**What you are asked to do:**
Retype the entries below word for word, leaving none out.

[Data extracted from a collection]
lemma abs_rho_le:
  assumes "2 \<le> p" "1 \<le> s" "(p + s) ^ 4 < n"
  shows "\<bar>rho p s n i\<bar>
           \<le> real (p - 1) * real (p - 1 + s) * real p ^ (p - 1 + s) * (real n + 1) ^ 2 * coeff_bound p s n"
proof (cases "i = 0")
  case True
  have "\<bar>rho p s n i\<bar> \<le> (\<Sum>j=1..p-1. \<bar>rho0j p s n j\<bar>)"
    using True by (simp add: rho_def)
  also have "\<dots> \<le> (\<Sum>j=1..p-1. real (p - 1 + s) * real n * real n * (real p ^ (p - 1 + s) * coeff_bound p s n))"
    using abs_rho0j_le[OF assms] by (intro sum_mono) auto
  also have "\<dots> \<le> real (p - 1) * real (p - 1 + s) * real p ^ (p - 1 + s) * (real n + 1) ^ 2 * coeff_bound p s n"
    by (simp add: coeff_bound_def power2_eq_square mult_left_mono mult_mono mult_ac)
  finally show ?thesis .
next
  case False
  have "\<bar>rho p s n i\<bar> \<le> (\<Sum>k=1..n. \<bar>pfc p s n i k\<bar>)"
    using False by (simp add: rho_def)
  also have "\<dots> \<le> real n * coeff_bound p s n"
    using abs_pfc_le[OF assms] sum_mono[of "{1..n}" "\<lambda>k. \<bar>pfc p s n i k\<bar>" "\<lambda>_. coeff_bound p s n"] by simp
  also have "\<dots> \<le> real (p - 1) * real (p - 1 + s) * real p ^ (p - 1 + s) * (real n + 1) ^ 2 * coeff_bound p s n"
  proof (rule mult_right_mono)
    define K where "K = real (p - 1) * real (p - 1 + s) * real p ^ (p - 1 + s)"
    have "1 * 1 * 1 \<le> K"
      unfolding K_def using assms by (intro mult_mono) auto
    then have "1 * (real n + 1) ^ 2 \<le> K * (real n + 1) ^ 2"
      by (intro mult_right_mono) auto
    moreover have "real n \<le> (real n + 1) ^ 2" by (simp add: power2_eq_square algebra_simps)
    ultimately show "real n \<le> real (p - 1) * real (p - 1 + s) * real p ^ (p - 1 + s) * (real n + 1) ^ 2"
      unfolding K_def by linarith
  qed (simp add: coeff_bound_def)
  finally show ?thesis .
qed

lemma eventually_poly_le_powr:
  fixes K q \<epsilon> :: real
  assumes "0 < \<epsilon>" "1 < q"
  shows "\<forall>\<^sub>F n in sequentially. K * (real n + 1) ^ E \<le> q powr (\<epsilon> * real n)"
  using assms by real_asymp

theorem lemma7p1:
  fixes p s :: nat
  assumes "prime p" and "p \<ge> 5" and "s \<ge> 1"
  shows "\<forall>\<epsilon>>0. \<forall>\<^sub>F n in sequentially. n > (p + s) ^ 4 \<longrightarrow>
           Max ((\<lambda>i. \<bar>rho p s n i\<bar>) ` {0..p-1+s})
             \<le> 2 ^ (s * n) * real p powr (real (p * n) + \<epsilon> * real n)"
proof (intro allI impI)
  fix \<epsilon> :: real assume "\<epsilon> > 0"
  define K where "K = real (p - 1) * real (p - 1 + s) * real p ^ (p - 1 + s) * 2 ^ (p - 1 + s)"
  define E where "E = zero_order p s + 5 * (p - 1) + 3 * s + 2"
  have "\<forall>\<^sub>F n in sequentially. K * (real n + 1) ^ E \<le> real p powr (\<epsilon> * real n)"
    using \<open>\<epsilon> > 0\<close> \<open>p \<ge> 5\<close> by (intro eventually_poly_le_powr) auto
  then show "\<forall>\<^sub>F n in sequentially. n > (p + s) ^ 4 \<longrightarrow>
      Max ((\<lambda>i. \<bar>rho p s n i\<bar>) ` {0..p-1+s}) \<le> 2 ^ (s * n) * real p powr (real (p * n) + \<epsilon> * real n)"
  proof (rule eventually_mono, intro impI)
    fix n assume small: "K * (real n + 1) ^ E \<le> real p powr (\<epsilon> * real n)" and "(p + s) ^ 4 < n"
    have "\<bar>rho p s n i\<bar> \<le> 2 ^ (s * n) * (real p ^ (p * n) * (K * (real n + 1) ^ E))" for i
      using abs_rho_le[of p s n i] assms \<open>(p + s) ^ 4 < n\<close>
      by (simp add: coeff_bound_def K_def E_def power_add power2_eq_square mult_ac)
    also have "\<dots> \<le> 2 ^ (s * n) * (real p ^ (p * n) * real p powr (\<epsilon> * real n))"
      using small by (intro mult_left_mono) auto
    also have "\<dots> = 2 ^ (s * n) * real p powr (real (p * n) + \<epsilon> * real n)"
      using \<open>p \<ge> 5\<close> by (simp only: powr_add powr_realpow[of "real p" "p * n"])
    finally show "Max ((\<lambda>i. \<bar>rho p s n i\<bar>) ` {0..p-1+s})
        \<le> 2 ^ (s * n) * real p powr (real (p * n) + \<epsilon> * real n)"
      by simp
  qed
qed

**Solution below:**
lemma abs_rho_le:
  assumes "2 \<le> p" "1 \<le> s" "(p + s) ^ 4 < n"
  shows "\<bar>rho p s n i\<bar>
           \<le> real (p - 1) * real (p - 1 + s) * real p ^ (p - 1 + s) * (real n + 1) ^ 2 * coeff_bound p s n"
proof (cases "i = 0")
  case True
  have "\<bar>rho p s n i\<bar> \<le> (\<Sum>j=1..p-1. \<bar>rho0j p s n j\<bar>)"
    using True by (simp add: rho_def)
  also have "\<dots> \<le> (\<Sum>j=1..p-1. real (p - 1 + s) * real n * real n * (real p ^ (p - 1 + s) * coeff_bound p s n))"
    using abs_rho0j_le[OF assms] by (intro sum_mono) auto
  also have "\<dots> \<le> real (p - 1) * real (p - 1 + s) * real p ^ (p - 1 + s) * (real n + 1) ^ 2 * coeff_bound p s n"
    by (simp add: coeff_bound_def power2_eq_square mult_left_mono mult_mono mult_ac)
  finally show ?thesis .
next
  case False
  have "\<bar>rho p s n i\<bar> \<le> (\<Sum>k=1..n. \<bar>pfc p s n i k\<bar>)"
    using False by (simp add: rho_def)
  also have "\<dots> \<le> real n * coeff_bound p s n"
    using abs_pfc_le[OF assms] sum_mono[of "{1..n}" "\<lambda>k. \<bar>pfc p s n i k\<bar>" "\<lambda>_. coeff_bound p s n"] by simp
  also have "\<dots> \<le> real (p - 1) * real (p - 1 + s) * real p ^ (p - 1 + s) * (real n + 1) ^ 2 * coeff_bound p s n"
  proof (rule mult_right_mono)
    define K where "K = real (p - 1) * real (p - 1 + s) * real p ^ (p - 1 + s)"
    have "1 * 1 * 1 \<le> K"
      unfolding K_def using assms by (intro mult_mono) auto
    then have "1 * (real n + 1) ^ 2 \<le> K * (real n + 1) ^ 2"
      by (intro mult_right_mono) auto
    moreover have "real n \<le> (real n + 1) ^ 2" by (simp add: power2_eq_square algebra_simps)
    ultimately show "real n \<le> real (p - 1) * real (p - 1 + s) * real p ^ (p - 1 + s) * (real n + 1) ^ 2"
      unfolding K_def by linarith
  qed (simp add: coeff_bound_def)
  finally show ?thesis .
qed

lemma eventually_poly_le_powr:
  fixes K q \<epsilon> :: real
  assumes "0 < \<epsilon>" "1 < q"
  shows "\<forall>\<^sub>F n in sequentially. K * (real n + 1) ^ E \<le> q powr (\<epsilon> * real n)"
  using assms by real_asymp

theorem lemma7p1:
  fixes p s :: nat
  assumes "prime p" and "p \<ge> 5" and "s \<ge> 1"
  shows "\<forall>\<epsilon>>0. \<forall>\<^sub>F n in sequentially. n > (p + s) ^ 4 \<longrightarrow>
           Max ((\<lambda>i. \<bar>rho p s n i\<bar>) ` {0..p-1+s})
             \<le> 2 ^ (s * n) * real p powr (real (p * n) + \<epsilon> * real n)"
proof (intro allI impI)
  fix \<epsilon> :: real assume "\<epsilon> > 0"
  define K where "K = real (p - 1) * real (p - 1 + s) * real p ^ (p - 1 + s) * 2 ^ (p - 1 + s)"
  define E where "E = zero_order p s + 5 * (p - 1) + 3 * s + 2"
  have "\<forall>\<^sub>F n in sequentially. K * (real n + 1) ^ E \<le> real p powr (\<epsilon> * real n)"
    using \<open>\<epsilon> > 0\<close> \<open>p \<ge> 5\<close> by (intro eventually_poly_le_powr) auto
  then show "\<forall>\<^sub>F n in sequentially. n > (p + s) ^ 4 \<longrightarrow>
      Max ((\<lambda>i. \<bar>rho p s n i\<bar>) ` {0..p-1+s}) \<le> 2 ^ (s * n) * real p powr (real (p * n) + \<epsilon> * real n)"
  proof (rule eventually_mono, intro impI)
    fix n assume small: "K * (real n + 1) ^ E \<le> real p powr (\<epsilon> * real n)" and "(p + s) ^ 4 < n"
    have "\<bar>rho p s n i\<bar> \<le> 2 ^ (s * n) * (real p ^ (p * n) * (K * (real n + 1) ^ E))" for i
      using abs_rho_le[of p s n i] assms \<open>(p + s) ^ 4 < n\<close>
      by (simp add: coeff_bound_def K_def E_def power_add power2_eq_square mult_ac)
    also have "\<dots> \<le> 2 ^ (s * n) * (real p ^ (p * n) * real p powr (\<epsilon> * real n))"
      using small by (intro mult_left_mono) auto
    also have "\<dots> = 2 ^ (s * n) * real p powr (real (p * n) + \<epsilon> * real n)"
      using \<open>p \<ge> 5\<close> by (simp only: powr_add powr_realpow[of "real p" "p * n"])
    finally show "Max ((\<lambda>i. \<bar>rho p s n i\<bar>) ` {0..p-1+s})
        \<le> 2 ^ (s * n) * real p powr (real (p * n) + \<epsilon> * real n)"
      by simp
  qed
qed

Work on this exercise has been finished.